The discovery was made by virologists from the University of Glasgow in Scotland, as reported in the latest issue of Nature Microbiology. They stress that when combined with RSV, the influenza A virus used in the experiment shows the ability to escape neutralizing antibodies. At least this was the case during observation under laboratory conditions.

Respiratory infections with more than one virus are very common – and it is unclear what the possible consequences are. According to the study authors, this joint infection occurs in 10-30 percent. Cases of this type of viral infection are more common in children. The disease may then be more severe, but this is not always the case with the results of clinical observations.

“Influenza virus – due to fusion with RSV – may become more dangerous”

One of the study’s authors, Pablo Murcia of the University of Glasgow’s Center for Virus Research, admitted in a press release that it was surprising how cells form virus particles, in this case two different pathogens. The influenza A virus tested was able to bypass the antibodies that target it using proteins obtained from the RSV virus, which usually infects young children up to the age of five.

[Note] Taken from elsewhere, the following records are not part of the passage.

lemma prob_not_hit_by_upper_time:
  assumes q: "q \<ge> 4" and L: "L \<ge> 1" and absorbed: "\<And>\<omega>. walk \<omega> L B = 0"
  shows "\<P>(\<omega> in mu0. walk \<omega> n (upper_time q B n) \<noteq> 0) \<le> real q ^ 3 / (2 * L)"
proof -
  have "\<P>(\<omega> in mu0. walk \<omega> n (upper_time q B n) \<noteq> 0) \<le> (real q ^ 2 / 2) * q / L"
  proof (rule bound_by_recursion[where f = "upper_level q" and c = "real q ^ 2 / 2"
        and P = "\<lambda>n. \<P>(\<omega> in mu0. walk \<omega> n (upper_time q B n) \<noteq> 0)"])
    fix n assume "n \<le> L"
    have "walk \<omega> n (upper_time q B n) = 0" for \<omega>
    proof -
      have "walk \<omega> L (upper_time q B n) = 0"
        by (rule walk_eq_0_mono[OF absorbed]) (simp add: upper_time_def)
      then show ?thesis using walk_mono_start[OF \<open>n \<le> L\<close>, of \<omega>] by (metis le_zero_eq)
    qed
    then show "\<P>(\<omega> in mu0. walk \<omega> n (upper_time q B n) \<noteq> 0) \<le> 0" by simp
  next
    fix n assume "L < n"
    then have n: "n \<ge> 1" using L by simp
    show "upper_level q n < n" "q * upper_level q n \<le> (q - 1) * n"
      using upper_level_facts[OF q n] by auto
    show "\<P>(\<omega> in mu0. walk \<omega> n (upper_time q B n) \<noteq> 0) \<le> real q ^ 2 / 2 / n +
        \<P>(\<omega> in mu0. walk \<omega> (upper_level q n) (upper_time q B (upper_level q n)) \<noteq> 0)"
      by (rule prob_not_hit_by_upper_time_step[OF q n])
  qed (use q L in auto)
  then show ?thesis by (simp add: power3_eq_cube power2_eq_square)
qed

lemma lower_level_facts:
  assumes q: "q \<ge> 4" and n: "n \<ge> 2"
  shows "lower_level q n < n" "q * lower_level q n \<le> (q - 1) * n" "(q - 2) * n \<le> 2 * q * lower_level q n" "1 \<le> lower_level q n"
proof -
  obtain q' where q': "q = q' + 4" using q le_Suc_ex by (metis add.commute)
  obtain n' where n': "n = n' + 2" using n le_Suc_ex by (metis add.commute)
  define X where "X = (q - 2) * n + 2 * q - 1"
  have lower_level: "lower_level q n = X div (2 * q)" unfolding lower_level_def X_def ..
  have d: "lower_level q n * (2 * q) \<le> X" unfolding lower_level using q by (subst less_eq_div_iff_mult_less_eq[symmetric]) auto
  have m: "X = lower_level q n * (2 * q) + X mod (2 * q)" unfolding lower_level by (rule div_mult_mod_eq[symmetric])
  have r: "X mod (2 * q) < 2 * q" using q by simp
  have X': "X = q' * n' + 2 * q' + 2 * n' + q' * 2 + 11" unfolding X_def q' n' by (simp add: algebra_simps)
  show "lower_level q n < n" unfolding lower_level using q
    by (subst div_less_iff_less_mult) (auto simp: X' q' n' algebra_simps)
  have "2 * (q * lower_level q n) \<le> 2 * ((q - 1) * n)"
  proof -
    have "2 * (q * lower_level q n) = lower_level q n * (2 * q)" by simp
    also have "\<dots> \<le> X" by (rule d)
    also have "X \<le> 2 * ((q - 1) * n)" unfolding X' q' n' by (simp add: algebra_simps)
    finally show ?thesis .
  qed
  then show "q * lower_level q n \<le> (q - 1) * n" by simp
  have "X < lower_level q n * (2 * q) + 2 * q" using m r by linarith
  then have "(q - 2) * n + 2 * q < lower_level q n * (2 * q) + 2 * q + 1" unfolding X_def using q by simp
  then show "(q - 2) * n \<le> 2 * q * lower_level q n" by (simp add: algebra_simps)
  show "1 \<le> lower_level q n" unfolding lower_level using q
    by (subst less_eq_div_iff_mult_less_eq) (auto simp: X' q')
qed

“The influenza virus used the second virus particles like a Trojan horse” – says Pablo Murcia. He added that such a relationship was not observed in the case of RSV – antibodies against it, although fusion, effectively inhibited it. It follows that respiratory syncytial virus cannot use influenza virus glycoproteins to infect lung cells.

Stephen Griffin, a virologist at the University of Leeds, who was not involved in the study, told the Guardian that the flu virus could become more dangerous thanks to fusion with RSV. “RSV penetrates the lungs more deeply than seasonal influenza virus, if this is also the case with this infection, influenza may be more severe” – pointed out.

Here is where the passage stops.